■ **Prompt**
Among the entries below, find the line with "using assms smooth_tent_approx[OF", then quote it and each following line up to and including the line with "unfolding e_def by (intro", and nothing else.
------------------------------------------------
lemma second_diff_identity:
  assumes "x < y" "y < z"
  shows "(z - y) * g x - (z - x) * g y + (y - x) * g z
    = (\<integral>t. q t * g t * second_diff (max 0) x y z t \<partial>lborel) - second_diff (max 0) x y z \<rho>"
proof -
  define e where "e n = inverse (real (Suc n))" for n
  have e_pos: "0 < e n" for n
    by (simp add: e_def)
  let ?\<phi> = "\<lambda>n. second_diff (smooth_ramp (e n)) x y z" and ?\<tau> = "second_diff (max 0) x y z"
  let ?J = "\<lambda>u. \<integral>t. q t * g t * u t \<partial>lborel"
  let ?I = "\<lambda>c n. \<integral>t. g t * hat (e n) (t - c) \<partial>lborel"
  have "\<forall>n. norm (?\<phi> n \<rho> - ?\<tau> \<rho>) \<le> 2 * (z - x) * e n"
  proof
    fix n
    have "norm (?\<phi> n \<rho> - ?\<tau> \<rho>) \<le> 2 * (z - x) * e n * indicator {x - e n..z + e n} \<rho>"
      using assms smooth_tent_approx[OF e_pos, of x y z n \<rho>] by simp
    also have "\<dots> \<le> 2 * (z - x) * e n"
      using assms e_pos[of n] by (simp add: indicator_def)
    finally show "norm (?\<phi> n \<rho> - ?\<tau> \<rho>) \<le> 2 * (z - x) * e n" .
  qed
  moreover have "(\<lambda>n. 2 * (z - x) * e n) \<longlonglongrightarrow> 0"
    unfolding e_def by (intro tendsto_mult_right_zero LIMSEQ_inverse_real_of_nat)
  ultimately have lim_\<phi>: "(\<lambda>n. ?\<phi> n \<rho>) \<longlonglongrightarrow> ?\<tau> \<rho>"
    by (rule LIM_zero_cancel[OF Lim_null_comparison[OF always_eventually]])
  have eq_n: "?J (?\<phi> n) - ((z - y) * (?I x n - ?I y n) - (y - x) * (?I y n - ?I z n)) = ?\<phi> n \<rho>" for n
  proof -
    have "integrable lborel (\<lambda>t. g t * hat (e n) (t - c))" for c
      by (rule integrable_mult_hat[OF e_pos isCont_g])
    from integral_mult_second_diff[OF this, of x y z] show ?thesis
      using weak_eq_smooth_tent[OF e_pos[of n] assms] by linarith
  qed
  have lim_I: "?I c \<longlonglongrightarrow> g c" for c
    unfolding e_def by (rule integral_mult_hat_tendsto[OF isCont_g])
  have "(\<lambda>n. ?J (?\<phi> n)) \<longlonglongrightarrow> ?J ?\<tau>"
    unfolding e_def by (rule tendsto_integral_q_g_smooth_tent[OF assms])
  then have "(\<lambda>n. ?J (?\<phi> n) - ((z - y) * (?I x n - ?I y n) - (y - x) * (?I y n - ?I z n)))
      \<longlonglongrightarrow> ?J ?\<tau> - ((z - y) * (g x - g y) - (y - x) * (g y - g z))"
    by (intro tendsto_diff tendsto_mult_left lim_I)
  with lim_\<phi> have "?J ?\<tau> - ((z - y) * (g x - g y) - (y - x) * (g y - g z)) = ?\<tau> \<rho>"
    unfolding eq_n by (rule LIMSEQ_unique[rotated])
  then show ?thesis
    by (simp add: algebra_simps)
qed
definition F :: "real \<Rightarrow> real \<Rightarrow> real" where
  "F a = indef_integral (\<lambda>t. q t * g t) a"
------------------------------------------------
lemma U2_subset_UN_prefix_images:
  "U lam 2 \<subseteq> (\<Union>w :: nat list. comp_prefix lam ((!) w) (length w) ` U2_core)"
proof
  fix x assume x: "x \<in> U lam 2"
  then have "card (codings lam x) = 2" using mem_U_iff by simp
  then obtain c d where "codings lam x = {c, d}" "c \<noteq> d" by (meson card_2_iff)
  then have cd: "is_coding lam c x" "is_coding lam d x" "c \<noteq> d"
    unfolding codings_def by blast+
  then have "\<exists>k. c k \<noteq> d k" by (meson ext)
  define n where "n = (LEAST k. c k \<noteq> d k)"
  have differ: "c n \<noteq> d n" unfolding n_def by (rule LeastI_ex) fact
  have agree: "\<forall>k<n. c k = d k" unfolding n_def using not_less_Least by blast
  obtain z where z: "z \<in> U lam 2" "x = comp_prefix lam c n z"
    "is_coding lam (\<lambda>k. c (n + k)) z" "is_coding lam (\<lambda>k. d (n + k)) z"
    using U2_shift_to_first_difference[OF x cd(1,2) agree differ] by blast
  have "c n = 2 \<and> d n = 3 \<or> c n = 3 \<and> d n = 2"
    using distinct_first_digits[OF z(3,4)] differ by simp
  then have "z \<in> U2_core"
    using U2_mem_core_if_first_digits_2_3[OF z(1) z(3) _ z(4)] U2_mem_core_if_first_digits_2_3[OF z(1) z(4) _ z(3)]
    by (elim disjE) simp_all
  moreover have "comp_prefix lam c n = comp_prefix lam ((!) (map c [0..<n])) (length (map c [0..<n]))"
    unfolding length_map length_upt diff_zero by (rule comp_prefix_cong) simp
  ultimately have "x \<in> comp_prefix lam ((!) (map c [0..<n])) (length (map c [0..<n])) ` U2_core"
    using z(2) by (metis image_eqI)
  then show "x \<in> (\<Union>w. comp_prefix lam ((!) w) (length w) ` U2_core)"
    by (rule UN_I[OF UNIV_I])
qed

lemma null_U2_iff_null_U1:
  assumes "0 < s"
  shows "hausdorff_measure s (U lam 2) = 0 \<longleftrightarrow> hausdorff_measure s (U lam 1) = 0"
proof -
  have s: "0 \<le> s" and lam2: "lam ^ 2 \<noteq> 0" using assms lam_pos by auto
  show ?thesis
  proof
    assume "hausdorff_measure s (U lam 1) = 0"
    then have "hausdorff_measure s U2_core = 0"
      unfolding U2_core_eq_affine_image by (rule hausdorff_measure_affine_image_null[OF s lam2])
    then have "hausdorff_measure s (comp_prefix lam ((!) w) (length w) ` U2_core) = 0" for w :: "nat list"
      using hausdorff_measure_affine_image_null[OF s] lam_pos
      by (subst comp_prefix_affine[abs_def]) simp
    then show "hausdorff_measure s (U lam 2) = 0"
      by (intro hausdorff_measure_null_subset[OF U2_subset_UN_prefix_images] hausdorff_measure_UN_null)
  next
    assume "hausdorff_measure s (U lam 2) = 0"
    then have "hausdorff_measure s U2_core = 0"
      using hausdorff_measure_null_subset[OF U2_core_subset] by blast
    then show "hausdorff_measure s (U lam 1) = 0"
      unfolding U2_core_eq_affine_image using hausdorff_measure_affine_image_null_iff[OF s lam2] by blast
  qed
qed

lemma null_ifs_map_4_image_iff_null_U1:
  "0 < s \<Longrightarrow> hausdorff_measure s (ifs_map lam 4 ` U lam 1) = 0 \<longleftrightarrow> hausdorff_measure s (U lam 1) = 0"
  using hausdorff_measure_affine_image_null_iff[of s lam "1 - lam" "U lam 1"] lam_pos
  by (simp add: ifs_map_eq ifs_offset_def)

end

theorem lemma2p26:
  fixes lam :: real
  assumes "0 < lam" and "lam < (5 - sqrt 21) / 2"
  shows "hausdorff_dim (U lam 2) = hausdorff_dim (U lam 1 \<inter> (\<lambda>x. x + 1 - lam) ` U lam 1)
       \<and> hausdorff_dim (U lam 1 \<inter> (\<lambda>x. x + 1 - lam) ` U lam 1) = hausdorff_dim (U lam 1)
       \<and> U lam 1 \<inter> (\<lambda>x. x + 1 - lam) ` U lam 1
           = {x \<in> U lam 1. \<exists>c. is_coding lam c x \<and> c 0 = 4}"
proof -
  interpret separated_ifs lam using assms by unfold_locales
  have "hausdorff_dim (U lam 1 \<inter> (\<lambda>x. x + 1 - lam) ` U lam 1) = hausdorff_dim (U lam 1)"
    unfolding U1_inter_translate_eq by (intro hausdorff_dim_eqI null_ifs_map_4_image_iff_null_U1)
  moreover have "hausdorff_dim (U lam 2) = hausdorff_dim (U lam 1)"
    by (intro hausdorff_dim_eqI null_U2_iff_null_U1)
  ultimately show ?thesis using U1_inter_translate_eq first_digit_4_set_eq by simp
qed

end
------------------------------------------------
■ **Final answer**
      using assms smooth_tent_approx[OF e_pos, of x y z n \<rho>] by simp
    also have "\<dots> \<le> 2 * (z - x) * e n"
      using assms e_pos[of n] by (simp add: indicator_def)
    finally show "norm (?\<phi> n \<rho> - ?\<tau> \<rho>) \<le> 2 * (z - x) * e n" .
  qed
  moreover have "(\<lambda>n. 2 * (z - x) * e n) \<longlonglongrightarrow> 0"
    unfolding e_def by (intro tendsto_mult_right_zero LIMSEQ_inverse_real_of_nat)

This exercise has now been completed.